More specifically, samples of the signal are correlated with the preceding and following samples. Such structures are in statistics measured by covariance and correlation, defined for zero-mean variables x and y as
\[ \begin{split} \text{covariance:} & \sigma_{xy} = E[xy] \\ \text{correlation:} & \rho_{xy} = \frac{E[xy]}{\sqrt{E[x^2]E[y^2]}}, \end{split} \]where E[ ] is the expectation operator.
Short segment of speech
For a speech signal xn, where k is the time-index, we would like to measure the correlation between two time-indices xn and xh. Since the structure which we are interested in appears when n and h are near each other, it is better to measure the correlation between xn and xn-k. The scalar k is known as the lag. Furthermore, we can assume that the correlation is uniform over all n within the segment. The self-correlation and -covariances, known as the autocorrelation and autocovariance are defined as
\[ \begin{split} \text{autocovariance:} & r_{k} = E_n[x_nx_{n-k}] \\ \text{autocorrelation:} & c_{k} = \frac{E_n[x_nx_{n-k}]}{E_n[x_n^2]} = \frac{r_k}{r_0}. \end{split} \]The figure on the right illustrates the autocovariance of the above speech signal. We can immediately see that the short-time correlations are preserved - on a small scale, the autocovariance looks similar to the original speech signal. The oscillating structure is also accurately preserved.
Because we assume that the signal is stationary, and as a consequence of the above formulations, we can readily see that autocovarinaces and -correlations are symmetric
\[ r_k = E_n[x_nx_{n-k}] = E_n[x_{n+k}x_{n+k-k}] = E_n[x_{n+k}x_{n}] = r_{-k}. \]This symmetry is clearly visible in the figure to the right, where the curve is mirrored around lag 0.

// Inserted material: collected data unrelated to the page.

definition word_sgn :: "nat list \<Rightarrow> int" where
  "word_sgn w = sign (word_perm w)"

definition descents :: "nat list \<Rightarrow> nat" where
  "descents w = card {t. Suc t < length w \<and> w ! t > w ! Suc t}"

definition l_elt :: "nat \<Rightarrow> nat \<Rightarrow> lincomb" where
  "l_elt r k = (\<lambda>w. if w \<in> perm_words r \<and> descents w = k - 1 \<and> k \<ge> 1
                     then (-1) ^ (k - 1) * of_int (word_sgn w) else 0)"

definition lambda_elt :: "nat \<Rightarrow> nat \<Rightarrow> lincomb" where
  "lambda_elt r k = (\<lambda>w. \<Sum>t<k. (-1) ^ t * of_nat ((r + t) choose t) * l_elt r (k - t) w)"

text \<open>Eulerian idempotents e_r^(1..r), determined by the Vandermonde system for k = 1..r;
  extended by 0 outside {1..r} (so e_r^(0) = 0).\<close>
definition euler_idem :: "nat \<Rightarrow> nat \<Rightarrow> lincomb" where
  "euler_idem r = (THE e. (\<forall>j. j \<notin> {1..r} \<longrightarrow> e j = (\<lambda>_. 0)) \<and>
      (\<forall>k\<in>{1..r}. \<forall>w. (-1) ^ (k - 1) * lambda_elt r k w
                        = (\<Sum>j=1..r. of_nat k ^ j * e j w)))"

text \<open>Partial boundary deleting the letter i: the coefficient of v in \<partial>[i] f is the sum over
  injective words w containing i with w minus i equal to v, of (-1)^(j-1) f(w), where j is the
  (1-based) position of i in w.\<close>
definition bd_letter :: "nat \<Rightarrow> lincomb \<Rightarrow> lincomb" where
  "bd_letter i f = (\<lambda>v. \<Sum>w\<in>{w. distinct w \<and> i \<in> set w \<and> remove1 i w = v}.
        (-1) ^ length (takeWhile (\<lambda>a. a \<noteq> i) w) * f w)"

definition shift_letter :: "nat \<Rightarrow> nat \<Rightarrow> nat" where
  "shift_letter i a = (if a > i then a - 1 else a)"

text \<open>View a combination of words on {1..n-1} as a combination of words on {1..n} minus {i}.\<close>
definition relabel :: "nat \<Rightarrow> lincomb \<Rightarrow> lincomb" where
  "relabel i g = (\<lambda>v. if i \<notin> set v then g (map (shift_letter i) v) else 0)"

end

theory Submission
  imports Defs "HOL-Computational_Algebra.Polynomial"
begin

text \<open>
  For \<open>w \<in> S_r\<close> only one summand in the definition of \<open>\<lambda>_r^(k)\<close> survives, giving
  \<open>\<lambda>_r^(k)(w) = (-1)^(k-1) sgn(w) C(r+k-1-des w, r)\<close>. The words \<open>w\<close> with \<open>\<partial>[i] w = \<plusminus>v\<close>
  are the insertions of \<open>i\<close> into \<open>v\<close> at positions \<open>p = 0..n-1\<close>; after relabelling, such
  an insertion has sign \<open>(-1)^(p+i-1) sgn(v)\<close> and it raises the descent number by some
  \<open>e_p \<in> {0,1}\<close> with \<open>\<Sum>e_p = (n-1) - des v\<close>. Pascal's rule then collapses the alternating
  sum to \<open>k C(n+k-2-des v, n-1)\<close>, which is (1).

  For (2), \<open>(-1)^(k-1) \<lambda>_r^(k)(w)\<close> is a polynomial in \<open>k\<close> of degree at most \<open>r\<close> without
  constant term, and the \<open>e_r^(j)(w)\<close> are its coefficients. By (1), applying \<open>\<partial>[i]\<close>
  coefficientwise to this polynomial for \<open>r = n\<close> gives \<open>(-1)^(i-1) x\<close> times the relabelled
  polynomial for \<open>r = n-1\<close>, as both sides have degree at most \<open>n\<close> and agree at
  \<open>x = 1..n+1\<close>. Comparing coefficients of \<open>x^k\<close> gives (2).
\<close>

definition insert_at :: "nat \<Rightarrow> 'a \<Rightarrow> 'a list \<Rightarrow> 'a list" where
  "insert_at p x xs = take p xs @ x # drop p xs"

lemma length_insert_at [simp]: "length (insert_at p x xs) = Suc (length xs)"
  by (simp add: insert_at_def)

lemma set_take_Un_set_drop: "set (take p xs) \<union> set (drop p xs) = set xs"
  by (metis append_take_drop_id set_append)

lemma set_insert_at [simp]: "set (insert_at p x xs) = insert x (set xs)"
  using set_take_Un_set_drop[of p xs] by (auto simp: insert_at_def)

lemma distinct_insert_at [simp]: "distinct (insert_at p x xs) \<longleftrightarrow> distinct xs \<and> x \<notin> set xs"
proof -
  have "distinct (take p xs @ drop p xs) \<longleftrightarrow> distinct xs" by simp
  then show ?thesis
    using set_take_Un_set_drop[of p xs] unfolding insert_at_def distinct_append by auto
qed

lemma remove1_insert_at: "x \<notin> set xs \<Longrightarrow> remove1 x (insert_at p x xs) = xs"
  by (auto simp: insert_at_def remove1_append dest: in_set_takeD)

lemma takeWhile_insert_at:
  "x \<notin> set xs \<Longrightarrow> takeWhile (\<lambda>a. a \<noteq> x) (insert_at p x xs) = take p xs"
proof -
  assume "x \<notin> set xs"
  then have "\<forall>a\<in>set (take p xs). a \<noteq> x" by (auto dest: in_set_takeD)
  then show ?thesis by (simp add: insert_at_def takeWhile_append2)
qed

lemma insert_at_Suc_swap:
  assumes "p < length xs"
  shows "insert_at (Suc p) x xs
           = (insert_at p x xs)[p := insert_at p x xs ! Suc p, Suc p := insert_at p x xs ! p]"
proof -
  have "take (Suc p) xs = take p xs @ [xs ! p]" "drop p xs = xs ! p # drop (Suc p) xs"
    using assms by (simp_all add: take_Suc_conv_app_nth Cons_nth_drop_Suc)
  moreover have "length (take p xs) = p" using assms by simp
  ultimately show ?thesis unfolding insert_at_def by (simp add: list_update_append nth_append)
qed

lemma remove1_preimage_eq_insert_at:
  assumes "distinct v" "x \<notin> set v"
  shows "{w. distinct w \<and> x \<in> set w \<and> remove1 x w = v} = (\<lambda>p. insert_at p x v) ` {..length v}"
proof (intro equalityI subsetI)
  fix w assume "w \<in> {w. distinct w \<and> x \<in> set w \<and> remove1 x w = v}"
  then have w: "x \<in> set w" "remove1 x w = v" by auto
  obtain ys zs where "w = ys @ x # zs" "x \<notin> set ys" using split_list_first[OF w(1)] by blast
  moreover from this have "v = ys @ zs" using w(2) by (simp add: remove1_append)
  ultimately show "w \<in> (\<lambda>p. insert_at p x v) ` {..length v}"
    by (intro image_eqI[of _ _ "length ys"]) (auto simp: insert_at_def)
qed (use assms in \<open>auto simp: remove1_insert_at\<close>)

lemma descents_Nil [simp]: "descents [] = 0"
  by (simp add: descents_def)

lemma descents_Cons:
  "descents (a # xs) = of_bool (xs \<noteq> [] \<and> hd xs < a) + descents xs"
proof -
  have "{t. Suc t < length (a # xs) \<and> (a # xs) ! Suc t < (a # xs) ! t}
      = (if xs \<noteq> [] \<and> hd xs < a then {0} else {}) \<union> Suc ` {t. Suc t < length xs \<and> xs ! Suc t < xs ! t}"
    (is "?L = ?R")
  proof (rule set_eqI)
    fix t show "t \<in> ?L \<longleftrightarrow> t \<in> ?R"
      by (cases t) (auto simp: hd_conv_nth)
  qed
  moreover have "finite {t. Suc t < length xs \<and> xs ! Suc t < xs ! t}"
    by (rule finite_subset[of _ "{..<length xs}"]) auto
  ultimately show ?thesis by (simp add: descents_def card_image)
qed

lemma descents_append:
  "descents (xs @ ys) = descents xs + descents ys + of_bool (xs \<noteq> [] \<and> ys \<noteq> [] \<and> hd ys < last xs)"
  by (induction xs) (auto simp: descents_Cons)

lemma descents_le_length: "descents xs \<le> length xs - 1"
proof -
  have "{t. Suc t < length xs \<and> xs ! Suc t < xs ! t} \<subseteq> {..<length xs - 1}" by auto
  then show ?thesis unfolding descents_def by (metis card_lessThan card_mono finite_lessThan)
qed

lemma descents_map_strict_mono_on:
  assumes "strict_mono_on (set xs) f"
  shows "descents (map f xs) = descents xs"
proof -
  have "f (xs ! Suc t) < f (xs ! t) \<longleftrightarrow> xs ! Suc t < xs ! t" if "Suc t < length xs" for t
    using that by (intro strict_mono_on_less[OF assms]) auto
  then show ?thesis unfolding descents_def by (auto intro!: arg_cong[where f = card])
qed

lemma descents_insert_at:
  "descents (insert_at p x xs)
     + of_bool (take p xs \<noteq> [] \<and> drop p xs \<noteq> [] \<and> hd (drop p xs) < last (take p xs))
   = descents xs + of_bool (take p xs \<noteq> [] \<and> x < last (take p xs))
       + of_bool (drop p xs \<noteq> [] \<and> hd (drop p xs) < x)"
  using descents_append[of "take p xs" "drop p xs"]
  by (simp add: insert_at_def descents_append descents_Cons)

lemma sum_neighbours_compared_eq_length:
  fixes xs :: "'a :: linorder list"
  assumes "x \<notin> set xs"
  shows "(\<Sum>p\<le>length xs. of_bool (take p xs \<noteq> [] \<and> x < last (take p xs))
            + of_bool (drop p xs \<noteq> [] \<and> hd (drop p xs) < x) :: nat) = length xs"
proof -
  have "(\<Sum>p\<le>length xs. of_bool (take p xs \<noteq> [] \<and> x < last (take p xs)) :: nat)
      = (\<Sum>q<length xs. of_bool (x < xs ! q))"
    unfolding sum.atMost_shift by (auto intro!: sum.cong simp: take_Suc_conv_app_nth)
  moreover have "(\<Sum>p\<le>length xs. of_bool (drop p xs \<noteq> [] \<and> hd (drop p xs) < x) :: nat)
      = (\<Sum>q<length xs. of_bool (xs ! q < x))"
    unfolding lessThan_Suc_atMost[symmetric] sum.lessThan_Suc
    by (auto intro!: sum.cong simp: hd_drop_conv_nth)
  moreover have "(\<Sum>q<length xs. of_bool (x < xs ! q) + of_bool (xs ! q < x) :: nat) = (\<Sum>q<length xs. 1)"
  proof (rule sum.cong)
    fix q assume "q \<in> {..<length xs}"
    then have "xs ! q \<noteq> x" using assms nth_mem by fastforce
    then show "of_bool (x < xs ! q) + of_bool (xs ! q < x) = (1 :: nat)" by auto
  qed simp
  ultimately show ?thesis by (simp add: sum.distrib)
qed

lemma sum_gap_descents_eq_descents:
  "(\<Sum>p\<le>length xs.
      of_bool (take p xs \<noteq> [] \<and> drop p xs \<noteq> [] \<and> hd (drop p xs) < last (take p xs)) :: nat)
     = descents xs"
proof -
  have "(\<Sum>p\<le>length xs. of_bool (take p xs \<noteq> [] \<and> drop p xs \<noteq> [] \<and> hd (drop p xs) < last (take p xs)))
      = (\<Sum>t<length xs. of_bool (Suc t < length xs \<and> xs ! Suc t < xs ! t) :: nat)"
  proof -
    have "take (Suc t) xs \<noteq> [] \<and> drop (Suc t) xs \<noteq> [] \<and> hd (drop (Suc t) xs) < last (take (Suc t) xs)
        \<longleftrightarrow> Suc t < length xs \<and> xs ! Suc t < xs ! t" if "t < length xs" for t
      using that by (auto simp: take_Suc_conv_app_nth hd_drop_conv_nth)
    then show ?thesis unfolding sum.atMost_shift by (auto intro!: sum.cong)
  qed
  also have "\<dots> = card {t\<in>{..<length xs}. Suc t < length xs \<and> xs ! Suc t < xs ! t}"
    by (simp add: sum.If_cases Int_def)
  also have "{t\<in>{..<length xs}. Suc t < length xs \<and> xs ! Suc t < xs ! t}
      = {t. Suc t < length xs \<and> xs ! Suc t < xs ! t}"
    by auto
  finally show ?thesis by (simp add: descents_def)
qed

The autocovariance of a speech segment
The above formulas use the expectation operator E[ ] to define the autocovariance and -correlation. It is an abstract tool, which needs to be replaced by a proper estimator for practical implementations. Specifically, to estimate the autocovariance from a segment of length N, we use
\[ r_k \approx \frac1{N-1} \sum_{k=1}^{N-1} x_n x_{n-k}. \]Observe that the speech signal xn has to be windowed before using the above formula.
We can also make an on-line estimate of the autocovariance for sample position n with lag k as
\[ \hat r_k(n) := \alpha x_n x_{n-k} + (1-\alpha) \hat r_k(n-1), \]where α is a small positive constant which determines how rapidly the estimate converges.
It is often easier to work with vector notation instead of scalars, whereby we need the corresponding definitions for autocovariances. Suppose
\[ x = \begin{bmatrix}x_0\\x_1\\\vdots\\x_{N-1}\end{bmatrix}. \]We can then define the autocovariance matrix as
\[ R_x := E[x x^T] = \begin{bmatrix}E[x_0^2] & E[x_0x_1] & \dots & E[x_0x_{N-1}]\\E[x_1x_0] & E[x_1^2] & \dots & E[x_1x_{N-1}]\\\vdots&\vdots&\ddots&\vdots\\E[x_{N-1}x_0] & E[x_{N-1}x_1] & \dots & E[x_{N-1}^2]\end{bmatrix} = \begin{bmatrix}r_0 & r_1 & \dots & r_{N-1}\\ r_1 & r_0 & \dots & r_{N-2}\\\vdots&\vdots&\ddots&\vdots\\r_{N-1} & r_{N-1} & \dots & r_0\end{bmatrix}. \]Clearly Rx is thus a symmetric Toeplitz matrix. Moreover, since it is a product of x with itself, Rx is also positive (semi-)definite.